1913 Niels Bohr suggests a model for the structure of the atom. It includes shells of electrons that explain the relative reactivity of the different groups of elements.
In 1661, Anglo-Irish physicist Robert Boyle defined elements as “certain primitive and simple, or perfectly unmingled bodies; which not being made of any other bodies, or of one another, are the ingredients of which all those called perfectly mixt bodies are immediately compounded, and into which they are ultimately resolved”. In other words, an element cannot be broken down by chemical means into simpler substances. In 1803, British chemist John Dalton introduced the idea of atomic weights (now called relative atomic masses) for these elements. Hydrogen is the lightest element, and he gave it the value 1, which we still use today.
Law of eight
In the first half of the 19th century, chemists gradually isolated more elements, and it became clear that certain groups of elements had similar properties. For example, sodium and potassium are silvery solids (alkali metals) that react violently with water, liberating hydrogen gas. Indeed, they are so similar that British chemist Humphry Davy did not distinguish between them when he first discovered them. Similarly, the halogen elements chlorine and bromine are both pungent, poisonous oxidizing agents, even though chlorine is a gas and bromine a liquid. British chemist John Newlands noticed that when the known elements were listed in order of increasing atomic weight, similar elements occurred every eighth place. He published his findings in 1864.

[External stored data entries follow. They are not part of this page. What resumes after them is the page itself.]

lemma lead_coeffs_is_ideal: "ideal (lead_coeffs \<alpha>) R"
proof (rule ideal_criterion)
  show "lead_coeffs \<alpha> \<subseteq> carrier R"
    unfolding lead_coeffs_def is_lead_witness_def is_form_def by auto
  show "\<zero> \<in> lead_coeffs \<alpha>"
    unfolding lead_coeffs_def is_lead_witness_def
    using is_form_zero eval_form_eq_zero additive_subgroup.zero_closed[OF ideal.axioms(1)[OF ideal_I]]
    by (intro CollectI exI[of _ "\<lambda>_. \<zero>"]) auto
next
  fix a b assume "a \<in> lead_coeffs \<alpha>" "b \<in> lead_coeffs \<alpha>"
  then obtain F G where "is_lead_witness \<alpha> F" "a = F \<alpha>" "is_lead_witness \<alpha> G" "b = G \<alpha>"
    unfolding lead_coeffs_def by blast
  then have "is_lead_witness \<alpha> (\<lambda>\<beta>. F \<beta> \<oplus> G \<beta>)"
    unfolding is_lead_witness_def
    using is_form_add eval_form_add additive_subgroup.a_closed[OF ideal.axioms(1)[OF ideal_I]] by simp
  then show "a \<oplus> b \<in> lead_coeffs \<alpha>" using lead_coeffsI \<open>a = F \<alpha>\<close> \<open>b = G \<alpha>\<close> by fastforce
next
  fix a c assume "a \<in> lead_coeffs \<alpha>" and c: "c \<in> carrier R"
  then obtain F where "is_lead_witness \<alpha> F" "a = F \<alpha>"
    unfolding lead_coeffs_def by blast
  then have "is_lead_witness \<alpha> (\<lambda>\<beta>. c \<otimes> F \<beta>)"
    unfolding is_lead_witness_def
    using is_form_smult[OF c] eval_form_smult[OF c] ideal.I_l_closed[OF ideal_I _ c] c by simp
  then show "c \<otimes> a \<in> lead_coeffs \<alpha>" using lead_coeffsI \<open>a = F \<alpha>\<close> by fastforce
qed

lemma is_lead_witness_shift:
  assumes F: "is_lead_witness \<alpha> F" and \<gamma>: "\<gamma> \<in> exps r"
  shows "is_lead_witness (\<alpha> + \<gamma>) (shift_form \<gamma> F)"
  unfolding is_lead_witness_def exp_deg_add
proof (intro conjI allI impI)
  have F': "is_form (exp_deg \<alpha>) F" "eval_form (exp_deg \<alpha>) F \<in> I"
    using F unfolding is_lead_witness_def by auto
  show "is_form (exp_deg \<alpha> + exp_deg \<gamma>) (shift_form \<gamma> F)"
    using is_form_shift[OF F'(1) \<gamma>] .
  show "eval_form (exp_deg \<alpha> + exp_deg \<gamma>) (shift_form \<gamma> F) \<in> I"
    using eval_form_shift[OF F'(1) \<gamma>] F'(2) ideal.I_r_closed[OF ideal_I] by simp
  fix \<delta> assume "lex_less (\<alpha> + \<gamma>) \<delta>"
  then show "shift_form \<gamma> F \<delta> = \<zero>"
    using F add_diff_exp[of \<gamma> \<delta>] lex_less_add_right[of \<alpha> \<gamma> "\<delta> - \<gamma>"]
    unfolding shift_form_def is_lead_witness_def by (auto simp: add.commute)
qed

lemma lead_coeffs_mono: "mono_on (exps r) lead_coeffs"
proof (rule mono_onI, rule subsetI)
  fix \<alpha> \<beta> c assume "\<alpha> \<in> exps r" "\<beta> \<in> exps r" "\<alpha> \<le> \<beta>" "c \<in> lead_coeffs \<alpha>"
  then obtain F where "is_lead_witness \<alpha> F" "c = F \<alpha>" unfolding lead_coeffs_def by blast
  then have "is_lead_witness \<beta> (shift_form (\<beta> - \<alpha>) F)" "shift_form (\<beta> - \<alpha>) F \<beta> = c"
    using is_lead_witness_shift[OF _ exps_diff[OF \<open>\<beta> \<in> exps r\<close>]] shift_form_add_apply
      add_diff_exp[OF \<open>\<alpha> \<le> \<beta>\<close>] by metis+
  then show "c \<in> lead_coeffs \<beta>" unfolding lead_coeffs_def by blast
qed

lemma lead_coeffs_eventually_repeat:
  assumes "noetherian_ring R"
  obtains s where "\<And>\<beta>. \<beta> \<in> exps r \<Longrightarrow> s < exp_deg \<beta> \<Longrightarrow>
    \<exists>\<alpha>\<in>exps r. \<alpha> < \<beta> \<and> lead_coeffs \<alpha> = lead_coeffs \<beta>"
proof -
  let ?B = "{\<beta> \<in> exps r. \<forall>\<alpha>\<in>exps r. \<alpha> < \<beta> \<longrightarrow> lead_coeffs \<alpha> \<noteq> lead_coeffs \<beta>}"
  define s where "s = Max (insert 0 (exp_deg ` ?B))"
  have "finite ?B"
    by (rule noetherian_ring.mono_ideal_family_finite_jumps[OF assms lead_coeffs_is_ideal lead_coeffs_mono])
  then have bound: "exp_deg \<beta> \<le> s" if "\<beta> \<in> ?B" for \<beta>
    unfolding s_def using that by (intro Max_ge) auto
  show thesis
  proof (rule that)
    fix \<beta> assume "\<beta> \<in> exps r" "s < exp_deg \<beta>"
    then have "\<beta> \<notin> ?B" using bound not_le by blast
    with \<open>\<beta> \<in> exps r\<close> show "\<exists>\<alpha>\<in>exps r. \<alpha> < \<beta> \<and> lead_coeffs \<alpha> = lead_coeffs \<beta>" by simp
  qed
qed

lemma xpow_mult_in_prod:
  assumes "0 < exp_deg \<gamma>" and g: "g \<in> ideal_pow R gens_ideal d \<inter> I"
  shows "xpow \<gamma> \<otimes> g \<in> gens_ideal \<cdot> (ideal_pow R gens_ideal (exp_deg \<gamma> + d - 1) \<inter> I)"
proof -
  obtain i \<gamma>' where i: "i < r" "\<gamma> = \<gamma>' + unit_exp i" "exp_deg \<gamma> = Suc (exp_deg \<gamma>')"
    using exp_deg_pos_split[OF assms(1)] .
  have gc: "g \<in> carrier R" using g ideal.Icarr[OF ideal_I] by blast
  have "xpow \<gamma> \<otimes> g = x i \<otimes> (xpow \<gamma>' \<otimes> g)"
    using i gc gens_closed by (simp add: xpow_add xpow_unit_exp m_ac)
  moreover have "xpow \<gamma>' \<otimes> g \<in> I"
    using ideal.I_l_closed[OF ideal_I] g by simp
  moreover have "xpow \<gamma>' \<otimes> g \<in> ideal_pow R gens_ideal (exp_deg \<gamma>') \<cdot> ideal_pow R gens_ideal d"
    using xpow_in_ideal_pow g by (auto intro: ideal_prod.prod)
  then have "xpow \<gamma>' \<otimes> g \<in> ideal_pow R gens_ideal (exp_deg \<gamma> + d - 1)"
    using ideal_pow_add[OF gens_ideal_is_ideal] i(3) by simp
  ultimately show ?thesis using gens_in_gens_ideal[OF i(1)] by (auto intro: ideal_prod.prod)
qed

text \<open>If the leading coefficient ideal at \<open>\<beta>\<close> already occurs at some \<open>\<alpha> < \<beta>\<close>, the leading term of
  \<open>F\<close> is also that of \<open>x^(\<beta> - \<alpha>)\<close> times a form of lower degree with value in \<open>I\<close>.\<close>

lemma cancel_lead_term:
  assumes F: "is_lead_witness \<beta> F" and \<beta>: "\<beta> \<in> exps r"
    and \<alpha>: "\<alpha> \<in> exps r" "\<alpha> < \<beta>" "lead_coeffs \<alpha> = lead_coeffs \<beta>"
  obtains H where "is_lead_witness \<beta> H" "H \<beta> = F \<beta>"
    "eval_form (exp_deg \<beta>) H \<in> gens_ideal \<cdot> (ideal_pow R gens_ideal (exp_deg \<beta> - 1) \<inter> I)"
proof -
  have "F \<beta> \<in> lead_coeffs \<alpha>" using lead_coeffsI[OF F] \<alpha>(3) by simp
  then obtain G where G: "is_lead_witness \<alpha> G" "F \<beta> = G \<alpha>" unfolding lead_coeffs_def by blast
  have G': "is_form (exp_deg \<alpha>) G" "eval_form (exp_deg \<alpha>) G \<in> I"
    using G(1) unfolding is_lead_witness_def by auto
  define \<gamma> where "\<gamma> = \<beta> - \<alpha>"
  have \<gamma>: "\<gamma> \<in> exps r" "\<alpha> + \<gamma> = \<beta>"
    unfolding \<gamma>_def using exps_diff[OF \<beta>] add_diff_exp \<alpha>(2) by auto
  then have deg: "exp_deg \<beta> = exp_deg \<gamma> + exp_deg \<alpha>" using exp_deg_add[of \<alpha> \<gamma>] by simp
  obtain i where "i < r" "\<alpha> i < \<beta> i" using less_exps_ex_coord[OF \<beta> \<alpha>(2)] .
  then have "0 < exp_deg \<gamma>"
    unfolding exp_deg_def \<gamma>_def using member_le_sum[of i "{..<r}" "\<beta> - \<alpha>"] by auto
  let ?H = "shift_form \<gamma> G"
  have "is_lead_witness \<beta> ?H" "?H \<beta> = F \<beta>"
    using is_lead_witness_shift[OF G(1) \<gamma>(1)] shift_form_add_apply[of \<gamma> G \<alpha>] G(2) \<gamma>(2) by simp_all
  moreover have "eval_form (exp_deg \<beta>) ?H = xpow \<gamma> \<otimes> eval_form (exp_deg \<alpha>) G"
    using eval_form_shift[OF G'(1) \<gamma>(1)] deg G'(1) m_comm[OF eval_form_closed[OF G'(1)] xpow_closed]
    by (simp add: add.commute)
  moreover have "eval_form (exp_deg \<alpha>) G \<in> ideal_pow R gens_ideal (exp_deg \<alpha>) \<inter> I"
    using eval_form_in_ideal_pow[OF G'(1)] G'(2) by blast
  ultimately show thesis
    using that xpow_mult_in_prod[OF \<open>0 < exp_deg \<gamma>\<close>] deg by simp
qed

end

context forms
begin

definition lex_support_downset :: "nat \<Rightarrow> ((nat \<Rightarrow> nat) \<Rightarrow> 'a) \<Rightarrow> (nat \<Rightarrow> nat) set" where
  "lex_support_downset n F =
     {\<gamma> \<in> exps_of_deg n. \<exists>\<delta>\<in>exps_of_deg n. F \<delta> \<noteq> \<zero> \<and> (\<gamma> = \<delta> \<or> lex_less \<gamma> \<delta>)}"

In the journal Chemical News Newlands wrote: “Elements belonging to the same group appear in the same horizontal line. Also the numbers of similar elements differ by seven or multiples of seven…This peculiar relationship I propose to call The Law of Octaves.” The patterns in his table make sense as far as calcium, but then go haywire. On 1 March 1865, Newlands was ridiculed by the Chemical Society, who said that he might as well list the elements in alphabetical order, and refused to publish his paper. The significance of Newlands’ achievement would not be recognized for more than 20 years. Meanwhile, French mineralogist Alexandre-Émile Béguyer de Chancourtois had also noticed the patterns, publishing his ideas in 1862, but few people noticed.
The first to attempt a classification of the elements was German chemist Johann Döbereiner. By 1828, he had found that some elements formed groups of three with related properties.
Card puzzle
Around the same time, Dmitri Mendeleev was struggling with the same problem as he wrote his book Principles of Chemistry in St Petersburg, Russia. In 1863, there were 56 known elements, and new ones were being discovered at a rate of about one a year. Mendeleev was convinced that there must be a pattern to them. In an effort to solve the puzzle, he made a set of 56 playing cards, each labelled with the name and major properties of one element.
Mendeleev is said to have made his breakthrough as he was about to embark on a winter journey in 1868. Before setting out, he laid out his cards on the table and began to ponder the puzzle, as though playing a game of Patience. When his coachman came to the door for the luggage, Mendeleev waved him away, saying he was busy. To and fro he moved the cards until finally he managed to arrange all 56 elements to his satisfaction, with the similar groups running vertically. The following year, Mendeleev read out a paper at the Russian Chemical Society stating that: “The elements, if arranged according to their atomic weight, exhibit an apparent periodicity of properties.” He explained that elements with similar chemical properties have atomic weights that are either of nearly the same value (such as potassium, iridium, and osmium) or that increase regularly (such as potassium, rubidium, and caesium). He further explained that the arrangement of the elements into groups in the order of their atomic weights corresponds to their valency, which is the number of bonds the atoms can form with other atoms.
Mendeleev’s periodic table was the precursor of the modern table, shown here. He left gaps in his table where the corresponding element had not yet been discovered, and used these to predict the properties of the missing elements.
"It is the function of science to discover the existence of a general reign of order in nature and to find the causes governing this order."
Dmitri Mendeleev
Predicting new elements
In his paper, Mendeleev made a bold prediction: “We must expect the discovery of many yet unknown elements – for example, two elements, analogous to aluminium and silicon, whose atomic weights would be between 65 and 75.”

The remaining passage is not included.